THE INPUT:
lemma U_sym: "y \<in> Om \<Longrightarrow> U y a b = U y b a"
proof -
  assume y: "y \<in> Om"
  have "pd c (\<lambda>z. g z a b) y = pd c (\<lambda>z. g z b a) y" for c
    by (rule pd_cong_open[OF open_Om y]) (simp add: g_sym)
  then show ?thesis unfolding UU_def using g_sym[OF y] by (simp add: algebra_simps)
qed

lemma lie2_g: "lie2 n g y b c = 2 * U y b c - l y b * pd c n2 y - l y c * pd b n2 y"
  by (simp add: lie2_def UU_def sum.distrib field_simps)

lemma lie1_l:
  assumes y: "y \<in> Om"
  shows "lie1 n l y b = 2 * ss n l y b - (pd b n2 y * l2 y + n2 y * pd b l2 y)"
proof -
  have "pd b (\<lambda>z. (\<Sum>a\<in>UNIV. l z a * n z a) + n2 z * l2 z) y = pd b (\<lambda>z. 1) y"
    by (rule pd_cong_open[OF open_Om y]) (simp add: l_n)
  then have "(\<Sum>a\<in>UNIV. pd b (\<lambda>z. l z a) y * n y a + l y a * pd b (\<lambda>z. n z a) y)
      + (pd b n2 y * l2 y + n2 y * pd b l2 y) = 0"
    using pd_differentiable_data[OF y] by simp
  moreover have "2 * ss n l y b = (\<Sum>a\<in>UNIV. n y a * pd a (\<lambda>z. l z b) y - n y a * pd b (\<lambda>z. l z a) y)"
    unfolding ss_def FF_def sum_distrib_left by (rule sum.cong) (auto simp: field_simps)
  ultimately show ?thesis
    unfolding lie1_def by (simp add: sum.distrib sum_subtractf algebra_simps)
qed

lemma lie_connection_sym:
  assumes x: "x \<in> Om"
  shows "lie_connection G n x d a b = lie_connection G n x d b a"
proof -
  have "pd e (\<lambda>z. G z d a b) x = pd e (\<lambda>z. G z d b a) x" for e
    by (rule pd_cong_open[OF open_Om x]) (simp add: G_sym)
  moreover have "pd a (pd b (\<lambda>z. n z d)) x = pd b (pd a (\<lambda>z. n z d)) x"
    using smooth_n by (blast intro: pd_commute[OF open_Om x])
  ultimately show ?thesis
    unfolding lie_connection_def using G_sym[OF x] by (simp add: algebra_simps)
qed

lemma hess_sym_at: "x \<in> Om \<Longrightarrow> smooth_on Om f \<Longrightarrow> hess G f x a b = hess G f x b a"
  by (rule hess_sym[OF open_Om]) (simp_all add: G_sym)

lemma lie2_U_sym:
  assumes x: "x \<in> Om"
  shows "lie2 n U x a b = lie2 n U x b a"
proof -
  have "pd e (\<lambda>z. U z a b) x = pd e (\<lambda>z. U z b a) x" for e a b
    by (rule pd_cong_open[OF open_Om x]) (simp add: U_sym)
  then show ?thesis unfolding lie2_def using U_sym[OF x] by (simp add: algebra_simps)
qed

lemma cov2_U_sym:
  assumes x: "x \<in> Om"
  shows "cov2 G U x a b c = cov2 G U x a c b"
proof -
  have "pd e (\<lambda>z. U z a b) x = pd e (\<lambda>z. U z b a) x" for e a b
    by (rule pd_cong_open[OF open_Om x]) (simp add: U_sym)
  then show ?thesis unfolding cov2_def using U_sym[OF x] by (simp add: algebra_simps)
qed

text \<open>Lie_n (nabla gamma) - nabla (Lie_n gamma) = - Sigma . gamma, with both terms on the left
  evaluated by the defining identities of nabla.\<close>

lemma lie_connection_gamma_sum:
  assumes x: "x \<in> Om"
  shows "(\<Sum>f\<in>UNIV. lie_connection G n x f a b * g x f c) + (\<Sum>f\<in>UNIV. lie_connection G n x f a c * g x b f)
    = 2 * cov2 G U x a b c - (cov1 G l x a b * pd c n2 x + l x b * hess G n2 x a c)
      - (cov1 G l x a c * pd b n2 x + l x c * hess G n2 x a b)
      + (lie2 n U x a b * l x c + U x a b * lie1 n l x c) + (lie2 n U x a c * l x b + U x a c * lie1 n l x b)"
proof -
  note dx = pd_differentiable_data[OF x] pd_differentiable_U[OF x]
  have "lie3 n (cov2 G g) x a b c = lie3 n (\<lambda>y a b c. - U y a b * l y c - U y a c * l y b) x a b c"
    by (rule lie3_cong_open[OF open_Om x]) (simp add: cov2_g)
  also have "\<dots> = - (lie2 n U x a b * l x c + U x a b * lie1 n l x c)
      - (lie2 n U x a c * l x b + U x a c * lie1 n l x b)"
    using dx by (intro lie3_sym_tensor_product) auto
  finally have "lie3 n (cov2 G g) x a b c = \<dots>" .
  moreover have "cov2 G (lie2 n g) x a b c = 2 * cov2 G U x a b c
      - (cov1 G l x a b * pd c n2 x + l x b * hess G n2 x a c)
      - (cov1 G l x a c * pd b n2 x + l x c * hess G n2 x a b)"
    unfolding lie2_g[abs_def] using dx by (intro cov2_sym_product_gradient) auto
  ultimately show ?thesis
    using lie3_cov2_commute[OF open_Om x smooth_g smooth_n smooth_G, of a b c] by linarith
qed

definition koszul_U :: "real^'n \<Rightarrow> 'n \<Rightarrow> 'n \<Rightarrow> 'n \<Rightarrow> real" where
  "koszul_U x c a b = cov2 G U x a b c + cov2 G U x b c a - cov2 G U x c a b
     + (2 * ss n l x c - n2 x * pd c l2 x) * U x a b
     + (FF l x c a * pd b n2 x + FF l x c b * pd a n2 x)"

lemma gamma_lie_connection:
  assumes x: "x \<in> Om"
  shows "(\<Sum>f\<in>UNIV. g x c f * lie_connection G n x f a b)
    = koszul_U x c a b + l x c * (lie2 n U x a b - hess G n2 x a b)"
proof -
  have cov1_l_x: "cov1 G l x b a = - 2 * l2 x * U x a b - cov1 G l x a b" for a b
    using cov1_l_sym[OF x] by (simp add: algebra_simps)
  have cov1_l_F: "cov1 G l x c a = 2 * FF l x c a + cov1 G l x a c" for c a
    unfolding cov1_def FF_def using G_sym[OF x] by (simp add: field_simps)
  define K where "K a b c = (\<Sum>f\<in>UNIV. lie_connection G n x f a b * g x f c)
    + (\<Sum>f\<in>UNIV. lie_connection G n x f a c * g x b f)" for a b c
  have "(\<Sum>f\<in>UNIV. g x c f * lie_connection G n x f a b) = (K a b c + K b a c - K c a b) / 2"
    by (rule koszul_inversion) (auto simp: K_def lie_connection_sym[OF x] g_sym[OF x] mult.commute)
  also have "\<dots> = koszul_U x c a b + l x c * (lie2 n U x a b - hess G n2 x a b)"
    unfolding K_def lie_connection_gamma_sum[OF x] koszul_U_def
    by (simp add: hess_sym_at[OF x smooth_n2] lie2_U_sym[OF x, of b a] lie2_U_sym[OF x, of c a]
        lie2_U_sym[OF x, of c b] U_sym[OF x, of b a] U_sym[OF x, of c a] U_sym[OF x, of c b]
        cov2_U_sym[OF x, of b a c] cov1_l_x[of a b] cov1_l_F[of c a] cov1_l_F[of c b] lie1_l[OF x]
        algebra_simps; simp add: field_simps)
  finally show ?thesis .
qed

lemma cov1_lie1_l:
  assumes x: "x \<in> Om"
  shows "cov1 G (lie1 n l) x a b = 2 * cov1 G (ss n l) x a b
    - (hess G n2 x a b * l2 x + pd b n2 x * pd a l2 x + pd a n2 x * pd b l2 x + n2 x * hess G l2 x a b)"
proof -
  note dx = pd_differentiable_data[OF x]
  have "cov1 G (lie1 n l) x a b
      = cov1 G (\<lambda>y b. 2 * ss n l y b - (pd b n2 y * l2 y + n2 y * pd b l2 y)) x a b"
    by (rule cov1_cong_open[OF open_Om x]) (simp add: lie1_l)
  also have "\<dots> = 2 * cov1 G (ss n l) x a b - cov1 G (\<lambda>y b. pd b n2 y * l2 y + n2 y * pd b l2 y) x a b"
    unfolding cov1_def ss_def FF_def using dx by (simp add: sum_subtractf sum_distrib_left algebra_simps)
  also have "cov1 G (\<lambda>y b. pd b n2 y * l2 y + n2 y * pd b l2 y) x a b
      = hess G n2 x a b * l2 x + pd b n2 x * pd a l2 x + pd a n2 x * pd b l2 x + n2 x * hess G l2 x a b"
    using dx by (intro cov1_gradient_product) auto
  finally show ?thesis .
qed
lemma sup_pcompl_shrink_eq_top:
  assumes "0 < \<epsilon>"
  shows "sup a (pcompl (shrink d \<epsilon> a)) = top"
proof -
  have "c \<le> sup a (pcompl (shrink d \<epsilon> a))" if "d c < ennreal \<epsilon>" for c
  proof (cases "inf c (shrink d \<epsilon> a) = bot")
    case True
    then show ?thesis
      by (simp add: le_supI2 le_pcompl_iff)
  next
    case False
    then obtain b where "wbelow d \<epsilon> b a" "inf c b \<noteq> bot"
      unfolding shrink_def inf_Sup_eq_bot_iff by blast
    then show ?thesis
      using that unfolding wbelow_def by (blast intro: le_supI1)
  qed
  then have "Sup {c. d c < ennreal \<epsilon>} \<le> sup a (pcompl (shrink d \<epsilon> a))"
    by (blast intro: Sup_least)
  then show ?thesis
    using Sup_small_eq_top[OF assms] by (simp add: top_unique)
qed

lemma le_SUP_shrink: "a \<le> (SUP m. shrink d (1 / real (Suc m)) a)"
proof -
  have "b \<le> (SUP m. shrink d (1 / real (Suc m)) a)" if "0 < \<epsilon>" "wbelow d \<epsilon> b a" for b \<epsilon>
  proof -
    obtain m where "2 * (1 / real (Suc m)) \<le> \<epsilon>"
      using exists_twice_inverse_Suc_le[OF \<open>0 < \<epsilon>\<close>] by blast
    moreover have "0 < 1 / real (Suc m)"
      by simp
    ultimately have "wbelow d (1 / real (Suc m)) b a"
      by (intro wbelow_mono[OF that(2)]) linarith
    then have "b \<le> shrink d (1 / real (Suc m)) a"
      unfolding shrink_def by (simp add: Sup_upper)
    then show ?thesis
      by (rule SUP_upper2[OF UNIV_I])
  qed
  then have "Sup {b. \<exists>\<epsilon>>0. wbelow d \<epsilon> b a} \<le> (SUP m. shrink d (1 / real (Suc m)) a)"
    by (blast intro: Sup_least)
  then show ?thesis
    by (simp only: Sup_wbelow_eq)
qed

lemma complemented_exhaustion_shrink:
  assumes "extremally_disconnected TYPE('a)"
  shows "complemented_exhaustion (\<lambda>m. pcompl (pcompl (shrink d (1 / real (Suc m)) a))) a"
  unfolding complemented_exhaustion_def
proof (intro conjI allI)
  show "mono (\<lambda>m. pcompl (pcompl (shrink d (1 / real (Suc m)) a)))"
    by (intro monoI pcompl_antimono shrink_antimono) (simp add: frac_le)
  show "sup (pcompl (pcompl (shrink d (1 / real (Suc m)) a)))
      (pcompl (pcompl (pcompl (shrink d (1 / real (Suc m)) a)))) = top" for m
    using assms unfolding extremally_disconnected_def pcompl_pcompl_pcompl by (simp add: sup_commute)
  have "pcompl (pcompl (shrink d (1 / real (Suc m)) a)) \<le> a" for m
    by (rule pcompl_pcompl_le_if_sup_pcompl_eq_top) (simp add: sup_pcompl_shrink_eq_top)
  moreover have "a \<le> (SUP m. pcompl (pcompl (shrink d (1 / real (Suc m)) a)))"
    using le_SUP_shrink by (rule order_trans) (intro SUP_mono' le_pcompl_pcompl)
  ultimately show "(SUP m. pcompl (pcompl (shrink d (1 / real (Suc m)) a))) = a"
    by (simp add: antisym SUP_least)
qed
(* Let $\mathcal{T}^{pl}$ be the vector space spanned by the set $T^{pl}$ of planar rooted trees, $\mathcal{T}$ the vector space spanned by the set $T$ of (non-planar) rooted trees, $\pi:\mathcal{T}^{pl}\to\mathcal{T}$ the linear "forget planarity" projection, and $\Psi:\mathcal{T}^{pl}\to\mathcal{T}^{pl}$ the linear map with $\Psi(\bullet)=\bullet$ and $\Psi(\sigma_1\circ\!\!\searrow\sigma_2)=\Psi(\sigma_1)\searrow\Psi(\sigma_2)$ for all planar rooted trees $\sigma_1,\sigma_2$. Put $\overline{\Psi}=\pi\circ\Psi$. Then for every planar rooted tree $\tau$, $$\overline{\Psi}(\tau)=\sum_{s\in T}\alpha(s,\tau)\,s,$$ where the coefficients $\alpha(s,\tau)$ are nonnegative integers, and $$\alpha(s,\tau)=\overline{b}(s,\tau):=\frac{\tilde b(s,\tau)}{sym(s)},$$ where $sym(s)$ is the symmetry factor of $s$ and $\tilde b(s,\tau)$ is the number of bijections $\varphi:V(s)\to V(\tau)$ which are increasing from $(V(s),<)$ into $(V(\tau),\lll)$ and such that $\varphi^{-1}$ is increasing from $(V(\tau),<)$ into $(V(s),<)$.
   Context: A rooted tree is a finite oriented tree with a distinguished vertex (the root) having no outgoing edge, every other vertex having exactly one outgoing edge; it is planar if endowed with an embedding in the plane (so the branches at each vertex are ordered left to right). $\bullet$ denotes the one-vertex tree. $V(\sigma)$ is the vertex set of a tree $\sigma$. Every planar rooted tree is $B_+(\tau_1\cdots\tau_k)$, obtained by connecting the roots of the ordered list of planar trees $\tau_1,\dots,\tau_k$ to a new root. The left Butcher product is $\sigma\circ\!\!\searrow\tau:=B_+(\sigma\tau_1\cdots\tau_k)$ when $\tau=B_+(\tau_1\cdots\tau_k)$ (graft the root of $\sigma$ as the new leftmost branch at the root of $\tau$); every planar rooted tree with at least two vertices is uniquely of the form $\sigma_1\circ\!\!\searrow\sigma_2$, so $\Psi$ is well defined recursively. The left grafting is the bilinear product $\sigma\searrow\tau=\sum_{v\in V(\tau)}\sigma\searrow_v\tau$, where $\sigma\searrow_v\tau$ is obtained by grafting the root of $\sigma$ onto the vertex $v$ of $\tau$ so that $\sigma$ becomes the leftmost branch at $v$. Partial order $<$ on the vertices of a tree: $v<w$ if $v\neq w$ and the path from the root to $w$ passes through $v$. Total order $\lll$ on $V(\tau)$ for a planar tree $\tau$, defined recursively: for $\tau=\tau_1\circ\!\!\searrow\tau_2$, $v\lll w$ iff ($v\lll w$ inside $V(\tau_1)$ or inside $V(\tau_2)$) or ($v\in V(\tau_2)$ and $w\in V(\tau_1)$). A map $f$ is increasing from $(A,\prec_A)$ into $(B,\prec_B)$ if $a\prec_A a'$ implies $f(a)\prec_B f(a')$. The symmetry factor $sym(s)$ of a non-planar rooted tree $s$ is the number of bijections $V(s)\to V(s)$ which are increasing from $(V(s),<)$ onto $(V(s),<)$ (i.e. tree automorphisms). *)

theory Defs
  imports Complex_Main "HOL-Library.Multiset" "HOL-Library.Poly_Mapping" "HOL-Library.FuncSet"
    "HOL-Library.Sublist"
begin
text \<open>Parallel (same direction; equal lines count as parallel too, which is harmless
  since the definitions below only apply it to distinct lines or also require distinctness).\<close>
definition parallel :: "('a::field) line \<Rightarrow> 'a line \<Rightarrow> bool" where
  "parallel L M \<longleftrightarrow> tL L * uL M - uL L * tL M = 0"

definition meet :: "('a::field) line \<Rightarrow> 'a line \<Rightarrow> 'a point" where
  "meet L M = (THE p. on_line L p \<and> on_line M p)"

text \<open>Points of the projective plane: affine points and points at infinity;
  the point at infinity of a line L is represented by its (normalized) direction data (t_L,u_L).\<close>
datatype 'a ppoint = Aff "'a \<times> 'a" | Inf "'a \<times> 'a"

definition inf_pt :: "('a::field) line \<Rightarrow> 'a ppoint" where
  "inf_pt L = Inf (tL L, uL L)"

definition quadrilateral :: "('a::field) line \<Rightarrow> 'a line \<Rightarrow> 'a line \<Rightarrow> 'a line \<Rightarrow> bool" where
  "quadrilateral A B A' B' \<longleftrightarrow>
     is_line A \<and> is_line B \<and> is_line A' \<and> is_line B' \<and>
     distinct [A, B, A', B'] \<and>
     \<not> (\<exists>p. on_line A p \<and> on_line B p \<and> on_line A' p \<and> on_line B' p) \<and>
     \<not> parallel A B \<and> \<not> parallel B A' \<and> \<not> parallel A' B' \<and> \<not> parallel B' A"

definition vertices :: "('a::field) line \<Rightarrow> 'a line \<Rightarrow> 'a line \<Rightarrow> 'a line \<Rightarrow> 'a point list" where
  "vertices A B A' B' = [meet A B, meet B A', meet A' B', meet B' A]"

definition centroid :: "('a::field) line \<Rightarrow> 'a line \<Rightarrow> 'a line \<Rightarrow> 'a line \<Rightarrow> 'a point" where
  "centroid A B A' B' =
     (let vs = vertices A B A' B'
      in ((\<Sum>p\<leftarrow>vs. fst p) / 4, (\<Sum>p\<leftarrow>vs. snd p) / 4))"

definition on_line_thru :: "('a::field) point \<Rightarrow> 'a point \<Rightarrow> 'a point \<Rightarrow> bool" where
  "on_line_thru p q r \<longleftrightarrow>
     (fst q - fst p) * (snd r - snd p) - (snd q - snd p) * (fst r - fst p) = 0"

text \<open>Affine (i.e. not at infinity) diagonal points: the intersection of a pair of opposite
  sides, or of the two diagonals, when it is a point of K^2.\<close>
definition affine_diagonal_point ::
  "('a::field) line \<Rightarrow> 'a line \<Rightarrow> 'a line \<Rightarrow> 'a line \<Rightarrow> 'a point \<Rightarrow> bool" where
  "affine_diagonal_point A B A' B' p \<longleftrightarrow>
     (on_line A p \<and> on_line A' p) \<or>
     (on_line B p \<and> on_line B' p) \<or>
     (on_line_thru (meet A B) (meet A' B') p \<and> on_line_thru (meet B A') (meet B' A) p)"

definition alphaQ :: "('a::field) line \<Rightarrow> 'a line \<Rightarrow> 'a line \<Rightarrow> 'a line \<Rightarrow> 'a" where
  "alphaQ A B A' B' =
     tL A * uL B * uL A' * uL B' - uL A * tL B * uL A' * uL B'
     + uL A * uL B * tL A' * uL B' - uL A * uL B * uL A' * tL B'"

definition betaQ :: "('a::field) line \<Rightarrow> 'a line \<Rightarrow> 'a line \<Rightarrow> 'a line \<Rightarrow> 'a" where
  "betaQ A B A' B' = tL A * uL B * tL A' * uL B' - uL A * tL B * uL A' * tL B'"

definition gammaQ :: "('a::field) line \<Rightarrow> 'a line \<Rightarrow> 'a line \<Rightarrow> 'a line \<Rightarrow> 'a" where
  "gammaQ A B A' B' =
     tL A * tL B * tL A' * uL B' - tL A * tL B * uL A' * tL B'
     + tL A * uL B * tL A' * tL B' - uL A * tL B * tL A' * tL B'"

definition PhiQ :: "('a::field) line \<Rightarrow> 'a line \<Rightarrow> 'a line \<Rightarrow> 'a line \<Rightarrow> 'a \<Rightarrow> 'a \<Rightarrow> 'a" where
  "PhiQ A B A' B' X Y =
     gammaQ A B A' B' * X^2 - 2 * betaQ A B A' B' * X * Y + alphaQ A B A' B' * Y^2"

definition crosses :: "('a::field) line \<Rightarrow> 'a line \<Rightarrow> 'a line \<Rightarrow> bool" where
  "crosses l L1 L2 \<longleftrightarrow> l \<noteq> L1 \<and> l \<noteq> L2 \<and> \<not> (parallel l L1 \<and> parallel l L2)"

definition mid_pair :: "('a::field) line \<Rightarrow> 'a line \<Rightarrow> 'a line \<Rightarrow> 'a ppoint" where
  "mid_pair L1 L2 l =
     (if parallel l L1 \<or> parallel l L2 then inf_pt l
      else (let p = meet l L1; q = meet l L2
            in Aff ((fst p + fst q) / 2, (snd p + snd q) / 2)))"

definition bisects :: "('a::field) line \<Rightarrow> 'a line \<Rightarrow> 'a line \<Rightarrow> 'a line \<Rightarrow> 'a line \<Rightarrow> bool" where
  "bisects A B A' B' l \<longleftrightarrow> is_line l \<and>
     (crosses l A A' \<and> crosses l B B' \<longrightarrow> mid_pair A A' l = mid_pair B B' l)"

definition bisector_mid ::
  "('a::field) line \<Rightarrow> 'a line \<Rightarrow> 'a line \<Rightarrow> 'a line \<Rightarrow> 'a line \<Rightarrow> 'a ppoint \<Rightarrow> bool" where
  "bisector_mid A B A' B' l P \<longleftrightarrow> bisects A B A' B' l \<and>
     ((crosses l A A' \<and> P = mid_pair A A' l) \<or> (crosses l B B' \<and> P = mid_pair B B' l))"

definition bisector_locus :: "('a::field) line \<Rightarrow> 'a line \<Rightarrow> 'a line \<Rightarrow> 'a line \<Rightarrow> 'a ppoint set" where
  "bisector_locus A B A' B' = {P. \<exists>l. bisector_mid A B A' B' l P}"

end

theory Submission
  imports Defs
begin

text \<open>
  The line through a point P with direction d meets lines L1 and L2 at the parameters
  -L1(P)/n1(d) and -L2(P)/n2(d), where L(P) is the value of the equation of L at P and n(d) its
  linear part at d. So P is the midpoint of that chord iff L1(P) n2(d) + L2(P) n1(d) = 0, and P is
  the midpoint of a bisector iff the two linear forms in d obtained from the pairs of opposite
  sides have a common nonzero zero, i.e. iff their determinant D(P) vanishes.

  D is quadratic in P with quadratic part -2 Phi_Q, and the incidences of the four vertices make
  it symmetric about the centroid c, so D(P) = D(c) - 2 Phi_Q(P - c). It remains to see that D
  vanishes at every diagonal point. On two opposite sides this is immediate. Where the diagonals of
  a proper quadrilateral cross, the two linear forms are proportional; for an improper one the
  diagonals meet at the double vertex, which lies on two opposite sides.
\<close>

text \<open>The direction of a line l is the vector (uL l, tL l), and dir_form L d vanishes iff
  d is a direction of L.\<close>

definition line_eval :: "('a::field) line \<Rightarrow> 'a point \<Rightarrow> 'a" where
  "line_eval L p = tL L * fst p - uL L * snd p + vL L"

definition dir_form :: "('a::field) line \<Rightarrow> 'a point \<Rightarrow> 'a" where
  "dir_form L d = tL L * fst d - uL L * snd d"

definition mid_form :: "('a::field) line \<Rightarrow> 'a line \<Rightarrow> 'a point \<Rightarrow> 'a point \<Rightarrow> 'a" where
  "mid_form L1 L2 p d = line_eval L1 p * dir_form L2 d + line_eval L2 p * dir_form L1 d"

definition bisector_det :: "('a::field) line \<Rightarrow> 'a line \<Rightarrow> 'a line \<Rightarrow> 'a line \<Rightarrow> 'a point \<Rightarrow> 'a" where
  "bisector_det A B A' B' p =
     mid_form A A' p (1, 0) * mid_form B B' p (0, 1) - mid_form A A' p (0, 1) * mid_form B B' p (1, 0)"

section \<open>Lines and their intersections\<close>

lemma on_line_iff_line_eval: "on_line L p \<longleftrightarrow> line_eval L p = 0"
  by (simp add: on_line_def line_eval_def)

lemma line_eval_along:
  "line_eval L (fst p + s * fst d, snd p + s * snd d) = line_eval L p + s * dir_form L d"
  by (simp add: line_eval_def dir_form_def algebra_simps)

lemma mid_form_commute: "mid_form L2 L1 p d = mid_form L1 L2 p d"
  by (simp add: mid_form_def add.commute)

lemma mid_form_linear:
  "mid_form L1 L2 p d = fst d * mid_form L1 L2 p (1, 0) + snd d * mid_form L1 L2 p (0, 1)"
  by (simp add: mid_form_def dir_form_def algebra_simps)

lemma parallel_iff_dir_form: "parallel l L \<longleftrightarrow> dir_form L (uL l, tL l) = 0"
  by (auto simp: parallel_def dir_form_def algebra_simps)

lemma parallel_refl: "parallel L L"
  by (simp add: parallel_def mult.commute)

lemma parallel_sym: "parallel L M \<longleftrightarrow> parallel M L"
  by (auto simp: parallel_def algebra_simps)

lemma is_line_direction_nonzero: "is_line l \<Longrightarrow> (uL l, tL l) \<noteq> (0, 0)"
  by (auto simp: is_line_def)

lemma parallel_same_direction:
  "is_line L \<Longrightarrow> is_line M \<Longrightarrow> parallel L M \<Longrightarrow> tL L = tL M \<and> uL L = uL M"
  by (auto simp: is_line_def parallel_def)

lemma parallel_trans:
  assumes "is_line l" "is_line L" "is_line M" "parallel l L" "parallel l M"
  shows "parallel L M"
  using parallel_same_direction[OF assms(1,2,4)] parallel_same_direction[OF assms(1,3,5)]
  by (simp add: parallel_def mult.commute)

PROBLEM: The entries above hold the needed span. Transcribe exactly the lines from the one with "sides, or of" to the one with "tL A * tL B * tL", both included.

ANSWER TO THE PROBLEM:
  sides, or of the two diagonals, when it is a point of K^2.\<close>
definition affine_diagonal_point ::
  "('a::field) line \<Rightarrow> 'a line \<Rightarrow> 'a line \<Rightarrow> 'a line \<Rightarrow> 'a point \<Rightarrow> bool" where
  "affine_diagonal_point A B A' B' p \<longleftrightarrow>
     (on_line A p \<and> on_line A' p) \<or>
     (on_line B p \<and> on_line B' p) \<or>
     (on_line_thru (meet A B) (meet A' B') p \<and> on_line_thru (meet B A') (meet B' A) p)"

definition alphaQ :: "('a::field) line \<Rightarrow> 'a line \<Rightarrow> 'a line \<Rightarrow> 'a line \<Rightarrow> 'a" where
  "alphaQ A B A' B' =
     tL A * uL B * uL A' * uL B' - uL A * tL B * uL A' * uL B'
     + uL A * uL B * tL A' * uL B' - uL A * uL B * uL A' * tL B'"

definition betaQ :: "('a::field) line \<Rightarrow> 'a line \<Rightarrow> 'a line \<Rightarrow> 'a line \<Rightarrow> 'a" where
  "betaQ A B A' B' = tL A * uL B * tL A' * uL B' - uL A * tL B * uL A' * tL B'"

definition gammaQ :: "('a::field) line \<Rightarrow> 'a line \<Rightarrow> 'a line \<Rightarrow> 'a line \<Rightarrow> 'a" where
  "gammaQ A B A' B' =
     tL A * tL B * tL A' * uL B' - tL A * tL B * uL A' * tL B'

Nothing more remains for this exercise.